> _Your instructions_
Restate word for word every line from the one containing "then show ?thesis using" to the last line of the records below.

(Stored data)
(* Let $\langle E,\rightarrow\rangle$ be a computation, $Q$ a subset of the processes, and $b$ a regular predicate that depends only on variables of processes in $Q$. Then the graph $H_b(E)$ has the same set of consistent cuts as the slice of $\langle E,\rightarrow\rangle$ with respect to $b$.
   Context: A computation is a directed graph $\langle E, \rightarrow\rangle$ whose vertices (events) are partitioned among processes $p_1,\dots,p_n$; events on each process are totally ordered, each process $p_i$ has an initial event $\bot_i$ and final event $\top_i$, the path relation contains Lamport's happened-before relation, all initial events lie in one strongly connected component and all final events in one. $\top$ is the set of final events, $\mathrm{succ}(e)$ the successor of $e$ on its process. A vertex subset $C$ of a directed graph is a consistent cut if for every edge $(u,v)$, $v\in C$ implies $u\in C$. A predicate (a boolean function of process variables evaluated on non-trivial consistent cuts) is regular if whenever consistent cuts $C_1,C_2$ satisfy it, so do $C_1\cap C_2$ and $C_1\cup C_2$. The slice of a computation with respect to $b$ is a directed graph on its events whose consistent cuts include every consistent cut satisfying $b$ and which has the fewest consistent cuts among all such graphs (paths in it are determined by its set of consistent cuts). Let $E_Q$ be the set of events on processes in $Q$; the projection of $\langle E,\rightarrow\rangle$ on $Q$ is the directed graph on $E_Q$ with an edge $(e,f)$ whenever there is a path from $e$ to $f$ in $\langle E,\rightarrow\rangle$; $b$ is evaluated on its cuts. For an event $e$, $F(e)[i]$ is the earliest event on $p_i$ reachable from $e$ in $\langle E,\rightarrow\rangle$; for $e\in E_Q$ and $p_i\in Q$, $F^Q_b(e)[i]$ is the earliest event on $p_i$ reachable from $e$ in the slice of the projection with respect to $b$. Define $K_b(e)[i]=F^Q_b(e)[i]$ if $e\in E_Q$ and $p_i\in Q$, and $K_b(e)[i]=F(e)[i]$ otherwise. $H_b(E)$ is the directed graph with vertex set $E$ and edges from each $e\notin\top$ to $\mathrm{succ}(e)$ and from each event $e$ to $K_b(e)[i]$ for every process $p_i$. *)

theory Defs
  imports Main
begin

text \<open>The events of process i are
  (i,0), (i,1), ..., (i, len i - 1), totally ordered by the second component;
  (i,0) is the initial event and (i, len i - 1) the final event of process i.\<close>

type_synonym event = "nat \<times> nat"

definition events :: "nat \<Rightarrow> (nat \<Rightarrow> nat) \<Rightarrow> event set" where
  "events n len = {(i, k). i < n \<and> k < len i}"

definition final_events :: "nat \<Rightarrow> (nat \<Rightarrow> nat) \<Rightarrow> event set" where
  "final_events n len = {(i, len i - 1) | i. i < n}"

definition succ_ev :: "event \<Rightarrow> event" where
  "succ_ev e = (fst e, Suc (snd e))"

definition computation :: "nat \<Rightarrow> (nat \<Rightarrow> nat) \<Rightarrow> (event \<times> event) set \<Rightarrow> bool" where
  "computation n len R \<longleftrightarrow>
     n \<ge> 1 \<and> (\<forall>i<n. len i \<ge> 1) \<and> R \<subseteq> events n len \<times> events n len \<and>
     (\<forall>i<n. \<forall>k. Suc k < len i \<longrightarrow> ((i, k), (i, Suc k)) \<in> R\<^sup>+) \<and>
     (\<forall>i<n. \<forall>j<n. ((i, 0), (j, 0)) \<in> R\<^sup>*) \<and>
     (\<forall>i<n. \<forall>j<n. ((i, len i - 1), (j, len j - 1)) \<in> R\<^sup>*)"

definition cuts :: "'a set \<Rightarrow> ('a \<times> 'a) set \<Rightarrow> 'a set set" where
  "cuts V G = {C. C \<subseteq> V \<and> (\<forall>(u, v)\<in>G. v \<in> C \<longrightarrow> u \<in> C)}"

definition nontrivial_cuts :: "'a set \<Rightarrow> ('a \<times> 'a) set \<Rightarrow> 'a set set" where
  "nontrivial_cuts V G = {C \<in> cuts V G. C \<noteq> {} \<and> C \<noteq> V}"

definition sat_cuts :: "'a set \<Rightarrow> ('a \<times> 'a) set \<Rightarrow> ('a set \<Rightarrow> bool) \<Rightarrow> 'a set set" where
  "sat_cuts V G b = {C \<in> nontrivial_cuts V G. b C}"

definition is_slice :: "'a set \<Rightarrow> ('a \<times> 'a) set \<Rightarrow> ('a set \<Rightarrow> bool) \<Rightarrow> ('a \<times> 'a) set \<Rightarrow> bool" where
  "is_slice V G b T \<longleftrightarrow>
     T \<subseteq> V \<times> V \<and> sat_cuts V G b \<subseteq> cuts V T \<and>
     (\<forall>T'. T' \<subseteq> V \<times> V \<and> sat_cuts V G b \<subseteq> cuts V T' \<longrightarrow> card (cuts V T) \<le> card (cuts V T'))"

definition regular :: "event set \<Rightarrow> (event \<times> event) set \<Rightarrow> (event set \<Rightarrow> bool) \<Rightarrow> bool" where
  "regular V G b \<longleftrightarrow>
     (\<forall>C1\<in>sat_cuts V G b. \<forall>C2\<in>sat_cuts V G b. b (C1 \<inter> C2) \<and> b (C1 \<union> C2))"

definition proj_events :: "nat \<Rightarrow> (nat \<Rightarrow> nat) \<Rightarrow> nat set \<Rightarrow> event set" where
  "proj_events n len Q = {e \<in> events n len. fst e \<in> Q}"

definition proj_rel :: "nat \<Rightarrow> (nat \<Rightarrow> nat) \<Rightarrow> (event \<times> event) set \<Rightarrow> nat set \<Rightarrow> (event \<times> event) set" where
  "proj_rel n len R Q = {(e, f). e \<in> proj_events n len Q \<and> f \<in> proj_events n len Q \<and> (e, f) \<in> R\<^sup>+}"

definition depends_only_on :: "nat \<Rightarrow> (nat \<Rightarrow> nat) \<Rightarrow> nat set \<Rightarrow> (event set \<Rightarrow> bool) \<Rightarrow> bool" where
  "depends_only_on n len Q b \<longleftrightarrow>
     (\<forall>C C'. C \<subseteq> events n len \<longrightarrow> C' \<subseteq> events n len \<longrightarrow>
        C \<inter> proj_events n len Q = C' \<inter> proj_events n len Q \<longrightarrow> b C = b C')"

definition earliest :: "(nat \<Rightarrow> nat) \<Rightarrow> (event \<times> event) set \<Rightarrow> event \<Rightarrow> nat \<Rightarrow> event" where
  "earliest len G e i = (i, LEAST k. k < len i \<and> (e, (i, k)) \<in> G\<^sup>*)"

text \<open>K_b, where T is the slice of the projection on Q with respect to b.\<close>
definition Kb :: "(nat \<Rightarrow> nat) \<Rightarrow> (event \<times> event) set \<Rightarrow> nat set \<Rightarrow> (event \<times> event) set \<Rightarrow> event \<Rightarrow> nat \<Rightarrow> event" where
  "Kb len R Q T e i = (if fst e \<in> Q \<and> i \<in> Q then earliest len T e i else earliest len R e i)"

definition Hb :: "nat \<Rightarrow> (nat \<Rightarrow> nat) \<Rightarrow> (event \<times> event) set \<Rightarrow> nat set \<Rightarrow> (event \<times> event) set \<Rightarrow> (event \<times> event) set" where
  "Hb n len R Q T =
     {(e, succ_ev e) | e. e \<in> events n len \<and> e \<notin> final_events n len} \<union>
     {(e, Kb len R Q T e i) | e i. e \<in> events n len \<and> i < n}"

end

theory Submission
  imports Defs
begin

text \<open>
  The cuts satisfying a regular predicate b, together with the two trivial cuts, are closed
  under intersection and union; on a finite vertex set such a family is exactly the set of
  cuts of a graph (Birkhoff), so by minimality a slice has precisely these cuts.

  Since b depends only on the processes in Q, a cut C of E satisfies b iff C \<inter> E_Q does,
  and every b-cut D of the projection is C \<inter> E_Q for the b-cut C of E generated by D.
  Hence b is regular on the projection as well, its slice T has the b-cuts of the projection
  as cuts, and every edge of the projection is a path in T.

  The edges of H_b force a cut to be closed under process order, under the edges of the
  computation (the earliest event reachable on p_j from u lies below every successor of u
  on p_j, reachability being taken in T when both processes are in Q), and under the edges
  of T. Conversely every K_b-edge is a path in the computation or in T. So the cuts of H_b
  are the cuts C of E with C \<inter> E_Q a cut of T, i.e. with C \<inter> E_Q trivial or satisfying b;
  as a nonempty Q contains an initial and a final event, these are the trivial cuts and
  the b-cuts of E.
\<close>

section \<open>Consistent cuts of finite graphs\<close>

lemma empty_in_cuts: "{} \<in> cuts V G"
  by (simp add: cuts_def)

lemma carrier_in_cuts: "G \<subseteq> V \<times> V \<Longrightarrow> V \<in> cuts V G"
  unfolding cuts_def by blast

lemma Int_in_cuts: "A \<in> cuts V G \<Longrightarrow> B \<in> cuts V G \<Longrightarrow> A \<inter> B \<in> cuts V G"
  unfolding cuts_def by blast

lemma Un_in_cuts: "A \<in> cuts V G \<Longrightarrow> B \<in> cuts V G \<Longrightarrow> A \<union> B \<in> cuts V G"
  unfolding cuts_def by blast

lemma finite_cuts: "finite V \<Longrightarrow> finite (cuts V G)"
  by (rule finite_subset[of _ "Pow V"]) (auto simp: cuts_def)

lemma cut_rtrancl_closed:
  assumes "C \<in> cuts V G" "(u, w) \<in> G\<^sup>*" "w \<in> C"
  shows "u \<in> C"
  using assms(2,3)
  by (induction rule: converse_rtrancl_induct) (use assms(1) in \<open>auto simp: cuts_def\<close>)

lemma ancestors_in_cuts:
  assumes "G \<subseteq> V \<times> V"
  shows "{u \<in> V. \<exists>w\<in>D. (u, w) \<in> G\<^sup>*} \<in> cuts V G"
proof -
  have "u \<in> V \<and> (\<exists>w\<in>D. (u, w) \<in> G\<^sup>*)" if "(u, v) \<in> G" "w \<in> D" "(v, w) \<in> G\<^sup>*" for u v w
    using that assms converse_rtrancl_into_rtrancl[OF that(1,3)] by blast
  then show ?thesis unfolding cuts_def by blast
qed

lemma rtrancl_iff_cuts:
  assumes "G \<subseteq> V \<times> V" "w \<in> V"
  shows "(u, w) \<in> G\<^sup>* \<longleftrightarrow> (\<forall>C\<in>cuts V G. w \<in> C \<longrightarrow> u \<in> C)"
proof
  assume u: "\<forall>C\<in>cuts V G. w \<in> C \<longrightarrow> u \<in> C"
  define C where "C = {u \<in> V. \<exists>w'\<in>{w}. (u, w') \<in> G\<^sup>*}"
  have "C \<in> cuts V G"
    unfolding C_def using assms(1) by (rule ancestors_in_cuts)
  moreover have "w \<in> C" using assms(2) by (simp add: C_def)
  ultimately have "u \<in> C" using u by blast
  then show "(u, w) \<in> G\<^sup>*" by (simp add: C_def)
next
  assume "(u, w) \<in> G\<^sup>*"
  then show "\<forall>C\<in>cuts V G. w \<in> C \<longrightarrow> u \<in> C"
    by (blast intro: cut_rtrancl_closed)
qed

lemma subset_rtrancl_if_cuts_subset:
  assumes "H \<subseteq> V \<times> V" "G \<subseteq> V \<times> V" "cuts V H \<subseteq> cuts V G"
  shows "G \<subseteq> H\<^sup>*"
proof
  fix e assume "e \<in> G"
  then obtain u w where e: "e = (u, w)" "(u, w) \<in> G" by (cases e) auto
  then have "w \<in> V" using assms(2) by blast
  moreover have "u \<in> C" if "C \<in> cuts V H" "w \<in> C" for C
  proof -
    have "C \<in> cuts V G" using that(1) assms(3) by blast
    then show ?thesis using e(2) that(2) unfolding cuts_def by blast
  qed
  ultimately show "e \<in> H\<^sup>*" using rtrancl_iff_cuts[OF assms(1)] e(1) by blast
qed

lemma Inter_in_if_Int_closed:
  assumes "finite F" "F \<noteq> {}" "F \<subseteq> L" "\<And>A B. A \<in> L \<Longrightarrow> B \<in> L \<Longrightarrow> A \<inter> B \<in> L"
  shows "\<Inter>F \<in> L"
  using assms by (induction F rule: finite_ne_induct) auto

lemma Union_in_if_Un_closed:
  assumes "finite F" "F \<noteq> {}" "F \<subseteq> L" "\<And>A B. A \<in> L \<Longrightarrow> B \<in> L \<Longrightarrow> A \<union> B \<in> L"
  shows "\<Union>F \<in> L"
  using assms by (induction F rule: finite_ne_induct) auto

definition lattice_graph :: "'a set \<Rightarrow> 'a set set \<Rightarrow> ('a \<times> 'a) set" where
  "lattice_graph V L = {(u, w). u \<in> V \<and> w \<in> V \<and> (\<forall>C\<in>L. w \<in> C \<longrightarrow> u \<in> C)}"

> _Task result_
    then show ?thesis using e(2) that(2) unfolding cuts_def by blast
  qed
  ultimately show "e \<in> H\<^sup>*" using rtrancl_iff_cuts[OF assms(1)] e(1) by blast
qed

lemma Inter_in_if_Int_closed:
  assumes "finite F" "F \<noteq> {}" "F \<subseteq> L" "\<And>A B. A \<in> L \<Longrightarrow> B \<in> L \<Longrightarrow> A \<inter> B \<in> L"
  shows "\<Inter>F \<in> L"
  using assms by (induction F rule: finite_ne_induct) auto

lemma Union_in_if_Un_closed:
  assumes "finite F" "F \<noteq> {}" "F \<subseteq> L" "\<And>A B. A \<in> L \<Longrightarrow> B \<in> L \<Longrightarrow> A \<union> B \<in> L"
  shows "\<Union>F \<in> L"
  using assms by (induction F rule: finite_ne_induct) auto

definition lattice_graph :: "'a set \<Rightarrow> 'a set set \<Rightarrow> ('a \<times> 'a) set" where
  "lattice_graph V L = {(u, w). u \<in> V \<and> w \<in> V \<and> (\<forall>C\<in>L. w \<in> C \<longrightarrow> u \<in> C)}"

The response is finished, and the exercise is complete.